(* Let the target $m$ and surrogate $\tilde m$ be binary classifiers on $[0,1]^d$ that are locally Lipschitz continuous with constants $\gamma_m$ and $\gamma_{\tilde m}$ respectively (not necessarily ReLU), such that $m(\boldsymbol{w})=\tilde m(\boldsymbol{w})$ for every counterfactual $\boldsymbol{w}$. Assume the counterfactuals form a $\delta$-cover of the decision boundary of $m$. Then $|\tilde m(\boldsymbol{x})-m(\boldsymbol{x})|\le(\gamma_m+\gamma_{\tilde m})\,\delta$ for every $\boldsymbol{x}$ on the decision boundary of $m$.
   Context: A binary classifier $m:[0,1]^d\to[0,1]$ has predicted class $\mathds{1}[m(\boldsymbol{x})\ge0.5]$ and decision boundary $\{\boldsymbol{x}:m(\boldsymbol{x})=0.5\}$. A model $m$ is locally Lipschitz continuous (with constant $\gamma\ge0$) if for every $\boldsymbol{x}_1\in[0,1]^d$ there is a neighborhood $\mathbb{B}_{\boldsymbol{x}_1}\subseteq[0,1]^d$ of $\boldsymbol{x}_1$ such that $|m(\boldsymbol{x}_1)-m(\boldsymbol{x}_2)|\le\gamma\|\boldsymbol{x}_1-\boldsymbol{x}_2\|_2$ for all $\boldsymbol{x}_2\in\mathbb{B}_{\boldsymbol{x}_1}$. Counterfactuals are points returned by a counterfactual generator for queries (points of the favorable region obtained from queries in the unfavorable region). The counterfactuals form a $\delta$-cover of the decision boundary if every point $\boldsymbol{x}$ of the decision boundary of $m$ has a counterfactual $\boldsymbol{w}$ with $\|\boldsymbol{x}-\boldsymbol{w}\|_2\le\delta$. *)

theory Defs
  imports "HOL-Analysis.Analysis"
begin

definition unit_cube :: "(real ^ 'd) set" where
  "unit_cube = {x. \<forall>i. 0 \<le> x $ i \<and> x $ i \<le> 1}"

definition binary_classifier :: "(real ^ 'd \<Rightarrow> real) \<Rightarrow> bool" where
  "binary_classifier m \<longleftrightarrow> (\<forall>x\<in>unit_cube. 0 \<le> m x \<and> m x \<le> 1)"

definition decision_boundary :: "(real ^ 'd \<Rightarrow> real) \<Rightarrow> (real ^ 'd) set" where
  "decision_boundary m = {x \<in> unit_cube. m x = 1/2}"

text \<open>Locally Lipschitz with constant gamma: every point x1 of the cube has a
  neighbourhood (relative to the cube, i.e. containing U \<inter> cube for some open U \<ni> x1)
  on which the Lipschitz inequality against x1 holds.\<close>
definition locally_lipschitz :: "real \<Rightarrow> (real ^ 'd \<Rightarrow> real) \<Rightarrow> bool" where
  "locally_lipschitz \<gamma> m \<longleftrightarrow> \<gamma> \<ge> 0 \<and>
     (\<forall>x1\<in>unit_cube. \<exists>B. B \<subseteq> unit_cube \<and> (\<exists>U. open U \<and> x1 \<in> U \<and> U \<inter> unit_cube \<subseteq> B) \<and>
        (\<forall>x2\<in>B. \<bar>m x1 - m x2\<bar> \<le> \<gamma> * norm (x1 - x2)))"

definition delta_cover :: "real \<Rightarrow> (real ^ 'd) set \<Rightarrow> (real ^ 'd \<Rightarrow> real) \<Rightarrow> bool" where
  "delta_cover \<delta> W m \<longleftrightarrow> (\<forall>x\<in>decision_boundary m. \<exists>w\<in>W. norm (x - w) \<le> \<delta>)"

end

theory Submission
  imports Defs
begin

text \<open>A Lipschitz bound that only holds near each point against that point is enough to make
  a function globally Lipschitz on a convex set: restricted to a segment, the function satisfies
  the hypothesis of the one-dimensional continuation argument \<open>locally_lipschitz_imp_lipschitz\<close>.
  Both classifiers are therefore Lipschitz on the whole cube, and for a counterfactual \<open>w\<close>
  within \<open>\<delta>\<close> of \<open>x\<close> the triangle inequality through \<open>m w = mt w\<close> gives the bound.
  The ranges of the classifiers and the value \<open>m x = 1/2\<close> play no role.\<close>

lemma convex_unit_cube: "convex (unit_cube :: (real ^ 'd) set)"
proof -
  have "convex {x :: real ^ 'd. \<forall>i. x $ i \<in> {0..1}}"
    by (rule convex_box_cart) (simp only: Collect_mem_eq convex_real_interval)
  then show ?thesis
    by (simp add: unit_cube_def)
qed

lemma continuous_on_if_pointwise_lipschitz:
  fixes f :: "'a::metric_space \<Rightarrow> 'b::metric_space"
  assumes "\<And>x. x \<in> S \<Longrightarrow> \<exists>U. open U \<and> x \<in> U \<and> (\<forall>y\<in>U \<inter> S. dist (f x) (f y) \<le> L * dist x y)"
  shows "continuous_on S f"
  unfolding continuous_on_eq_continuous_within
proof
  fix x assume "x \<in> S"
  then obtain U where U: "open U" "x \<in> U" and lip: "\<forall>y\<in>U \<inter> S. dist (f x) (f y) \<le> L * dist x y"
    using assms by blast
  have "\<forall>\<^sub>F y in at x within S. y \<in> U \<inter> S"
    unfolding eventually_at_topological using U by (intro exI[of _ U]) auto
  then have "\<forall>\<^sub>F y in at x within S. norm (dist (f y) (f x)) \<le> L * dist y x"
    by eventually_elim (use lip in \<open>auto simp: dist_commute\<close>)
  moreover have "((\<lambda>y. L * dist y x) \<longlongrightarrow> 0) (at x within S)"
    using tendsto_dist_iff[THEN iffD1, OF tendsto_ident_at] by (rule tendsto_mult_right_zero)
  ultimately have "((\<lambda>y. dist (f y) (f x)) \<longlongrightarrow> 0) (at x within S)"
    by (rule Lim_null_comparison)
  then show "continuous (at x within S) f"
    unfolding continuous_within by (rule tendsto_dist_iff[THEN iffD2])
qed

lemma lipschitz_on_interval_if_pointwise_lipschitz:
  fixes g :: "real \<Rightarrow> 'b::metric_space"
  assumes "M \<ge> 0"
    and pointwise: "\<And>t. t \<in> {a..b} \<Longrightarrow> \<exists>U. open U \<and> t \<in> U \<and> (\<forall>s\<in>U \<inter> {a..b}. dist (g t) (g s) \<le> M * dist t s)"
  shows "M-lipschitz_on {a..b} g"
proof (rule locally_lipschitz_imp_lipschitz[OF _ _ \<open>M \<ge> 0\<close>])
  show "continuous_on {a..b} g"
    using pointwise by (rule continuous_on_if_pointwise_lipschitz)
  fix t y :: real assume t: "t \<in> {a..<b}" and "t < y"
  obtain U where "open U" "t \<in> U" and lip: "\<forall>s\<in>U \<inter> {a..b}. dist (g t) (g s) \<le> M * dist t s"
    using pointwise[of t] t by auto
  have "\<forall>\<^sub>F s in at_right t. s \<in> U"
    using tendsto_ident_at \<open>open U\<close> \<open>t \<in> U\<close> by (rule topological_tendstoD)
  moreover have "\<forall>\<^sub>F s in at_right t. t < s \<and> s < min y b"
    using t \<open>t < y\<close> unfolding eventually_at_right_field
    by (intro exI[of _ "min y b"]) auto
  ultimately have "\<forall>\<^sub>F s in at_right t. s \<in> U \<and> t < s \<and> s < min y b"
    by (rule eventually_conj)
  then obtain z where z: "z \<in> U" "t < z" "z < min y b"
    using eventually_happens'[OF trivial_limit_at_right_real] by blast
  then have "dist (g t) (g z) \<le> M * dist t z"
    using lip t by auto
  then show "\<exists>z\<in>{t<..y}. dist (g z) (g t) \<le> M * (z - t)"
    using z by (intro bexI[of _ z]) (auto simp: dist_commute dist_real_def)
qed

lemma lipschitz_on_convex_if_pointwise_lipschitz:
  fixes f :: "'a::real_normed_vector \<Rightarrow> 'b::metric_space"
  assumes "convex S" "L \<ge> 0"
    and pointwise: "\<And>x. x \<in> S \<Longrightarrow> \<exists>U. open U \<and> x \<in> U \<and> (\<forall>y\<in>U \<inter> S. dist (f x) (f y) \<le> L * dist x y)"
  shows "L-lipschitz_on S f"
proof (rule lipschitz_onI[OF _ \<open>L \<ge> 0\<close>])
  fix a b assume "a \<in> S" "b \<in> S"
  define p where "p t = (1 - t) *\<^sub>R a + t *\<^sub>R b" for t
  have p_in: "p t \<in> S" if "t \<in> {0..1}" for t
    using convexD[OF \<open>convex S\<close> \<open>a \<in> S\<close> \<open>b \<in> S\<close>, of "1 - t" t] that by (simp add: p_def)
  have dist_p: "dist (p t) (p s) = dist a b * dist t s" for s t
  proof -
    have "p t - p s = (t - s) *\<^sub>R (b - a)"
      by (simp add: p_def algebra_simps)
    then show ?thesis
      by (simp add: dist_norm dist_real_def norm_minus_commute)
  qed
  have "(L * dist a b)-lipschitz_on {0..1} (f \<circ> p)"
  proof (rule lipschitz_on_interval_if_pointwise_lipschitz)
    show "L * dist a b \<ge> 0"
      using \<open>L \<ge> 0\<close> by simp
    fix t :: real assume "t \<in> {0..1}"
    then obtain U where "open U" "p t \<in> U"
      and lip: "\<forall>x\<in>U \<inter> S. dist (f (p t)) (f x) \<le> L * dist (p t) x"
      using pointwise[OF p_in] by blast
    have "open (p -` U)"
      using \<open>open U\<close> unfolding p_def by (intro continuous_open_vimage continuous_intros)
    moreover have "dist ((f \<circ> p) t) ((f \<circ> p) s) \<le> L * dist a b * dist t s" if "s \<in> p -` U \<inter> {0..1}" for s
    proof -
      have "dist (f (p t)) (f (p s)) \<le> L * dist (p t) (p s)"
        using lip p_in[of s] that by auto
      then show ?thesis
        by (simp add: dist_p mult.assoc)
    qed
    ultimately show "\<exists>V. open V \<and> t \<in> V \<and>
        (\<forall>s\<in>V \<inter> {0..1}. dist ((f \<circ> p) t) ((f \<circ> p) s) \<le> L * dist a b * dist t s)"
      using \<open>p t \<in> U\<close> by blast
  qed
  then have "dist ((f \<circ> p) 0) ((f \<circ> p) 1) \<le> L * dist a b * dist (0::real) 1"
    by (rule lipschitz_onD) auto
  then show "dist (f a) (f b) \<le> L * dist a b"
    by (simp add: p_def)
qed

lemma lipschitz_on_unit_cube_if_locally_lipschitz:
  fixes m :: "real ^ 'd \<Rightarrow> real"
  assumes "locally_lipschitz \<gamma> m"
  shows "\<gamma>-lipschitz_on unit_cube m"
proof (rule lipschitz_on_convex_if_pointwise_lipschitz[OF convex_unit_cube])
  show "\<gamma> \<ge> 0"
    using assms by (simp add: locally_lipschitz_def)
  fix x :: "real ^ 'd" assume "x \<in> unit_cube"
  then obtain B U where "open U" "x \<in> U" "U \<inter> unit_cube \<subseteq> B"
    and "\<forall>y\<in>B. \<bar>m x - m y\<bar> \<le> \<gamma> * norm (x - y)"
    using assms unfolding locally_lipschitz_def by blast
  then show "\<exists>U. open U \<and> x \<in> U \<and> (\<forall>y\<in>U \<inter> unit_cube. dist (m x) (m y) \<le> \<gamma> * dist x y)"
    by (intro exI[of _ U]) (auto simp: dist_real_def dist_norm)
qed

theorem corollary2:
  fixes m mt :: "real ^ 'd \<Rightarrow> real" and W :: "(real ^ 'd) set"
    and \<gamma>m \<gamma>mt \<delta> :: real
  assumes "binary_classifier m" and "binary_classifier mt"
    and "locally_lipschitz \<gamma>m m" and "locally_lipschitz \<gamma>mt mt"
    and "W \<subseteq> unit_cube"
    and "\<forall>w\<in>W. m w = mt w"
    and "delta_cover \<delta> W m"
    and "x \<in> decision_boundary m"
  shows "\<bar>mt x - m x\<bar> \<le> (\<gamma>m + \<gamma>mt) * \<delta>"
proof -
  obtain w where "w \<in> W" and close: "dist x w \<le> \<delta>"
    using assms(7,8) unfolding delta_cover_def dist_norm by blast
  have "x \<in> unit_cube" "w \<in> unit_cube"
    using assms(5,8) \<open>w \<in> W\<close> by (auto simp: decision_boundary_def)
  have lip_m: "\<gamma>m-lipschitz_on unit_cube m" and lip_mt: "\<gamma>mt-lipschitz_on unit_cube mt"
    using assms(3,4) by (simp_all add: lipschitz_on_unit_cube_if_locally_lipschitz)
  have "\<bar>mt x - m x\<bar> \<le> dist (mt x) (mt w) + dist (m w) (m x)"
    using assms(6) \<open>w \<in> W\<close> by (simp add: dist_real_def)
  also have "\<dots> \<le> \<gamma>mt * dist x w + \<gamma>m * dist w x"
    using lipschitz_onD[OF lip_mt \<open>x \<in> unit_cube\<close> \<open>w \<in> unit_cube\<close>]
      lipschitz_onD[OF lip_m \<open>w \<in> unit_cube\<close> \<open>x \<in> unit_cube\<close>] by linarith
  also have "\<dots> \<le> \<gamma>mt * \<delta> + \<gamma>m * \<delta>"
    using close lipschitz_on_nonneg[OF lip_m] lipschitz_on_nonneg[OF lip_mt]
    by (intro add_mono mult_left_mono) (simp_all add: dist_commute)
  also have "\<dots> = (\<gamma>m + \<gamma>mt) * \<delta>"
    by (simp add: algebra_simps)
  finally show ?thesis .
qed

end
+ + + + +
● What the task asks:
Wherever the word "inequality" turns up in a line of the entries above, copy that line.

● Exercise output:
  on which the Lipschitz inequality against x1 holds.\<close>
  within \<open>\<delta>\<close> of \<open>x\<close> the triangle inequality through \<open>m w = mt w\<close> gives the bound.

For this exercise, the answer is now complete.